##### Extracted entries #####
lemma H_diff_le_psi:
  assumes "t < T" "x' \<le> x"
    and V_next: "Suc t < T \<Longrightarrow> \<forall>x x'. x' \<le> x \<longrightarrow> V (Suc t) x - V (Suc t) x' \<le> phi (Suc t) (x - x') x"
  shows "H t x - H t x' \<le> psi t (x - x') x"
proof (cases "Suc t < T")
  case True
  show ?thesis
    unfolding H_pred[OF True] psi_pred[OF True]
  proof (rule recursion_diff_le_psi_step[where Ct = "C t" and V' = "V (Suc t)" and phi' = "phi (Suc t)",
        OF theta_pos alpha_nonneg])
    show "\<And>n. 0 \<le> fprob \<theta> F t n" using fprob_nonneg[of F t, OF F_mono[OF assms(1)] theta_pos] .
    show "summable (\<lambda>k. fprob \<theta> F t (int k - 1))"
      using summable_fprob[of F t, OF F_mono[OF assms(1)] F_bounded[OF assms(1)] theta_pos] .
    show "\<And>y. y < s (Suc t) \<Longrightarrow> V (Suc t) y = H (Suc t) (S (Suc t)) + K (Suc t)"
      by (simp add: V_eq Vof_def)
    show "\<And>x y. y < s (Suc t) \<Longrightarrow> phi (Suc t) x y = 0" using phi_vanish[OF True] .
    show "\<And>x x'. x' \<le> x \<Longrightarrow> V (Suc t) x - V (Suc t) x' \<le> phi (Suc t) (x - x') x"
      using V_next[OF True] by blast
    show "C t x - C t x' \<le> \<gamma> t * (x - x')" using C_diff_le[OF assms(1,2)] .
  qed (rule assms(2))
next
  case False
  then have "t = T - 1" using assms(1) by simp
  then show ?thesis using C_diff_le[OF assms(1,2)] by (simp add: Hfun_def psifun_def)
qed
#####
From the entries above, print the lines beginning at the one with "< T \<Longrightarrow>" and stopping after the one with "(\<lambda>k. fprob \<theta>", exactly as written and with nothing else.

Exercise solution
    and V_next: "Suc t < T \<Longrightarrow> \<forall>x x'. x' \<le> x \<longrightarrow> V (Suc t) x - V (Suc t) x' \<le> phi (Suc t) (x - x') x"
  shows "H t x - H t x' \<le> psi t (x - x') x"
proof (cases "Suc t < T")
  case True
  show ?thesis
    unfolding H_pred[OF True] psi_pred[OF True]
  proof (rule recursion_diff_le_psi_step[where Ct = "C t" and V' = "V (Suc t)" and phi' = "phi (Suc t)",
        OF theta_pos alpha_nonneg])
    show "\<And>n. 0 \<le> fprob \<theta> F t n" using fprob_nonneg[of F t, OF F_mono[OF assms(1)] theta_pos] .
    show "summable (\<lambda>k. fprob \<theta> F t (int k - 1))"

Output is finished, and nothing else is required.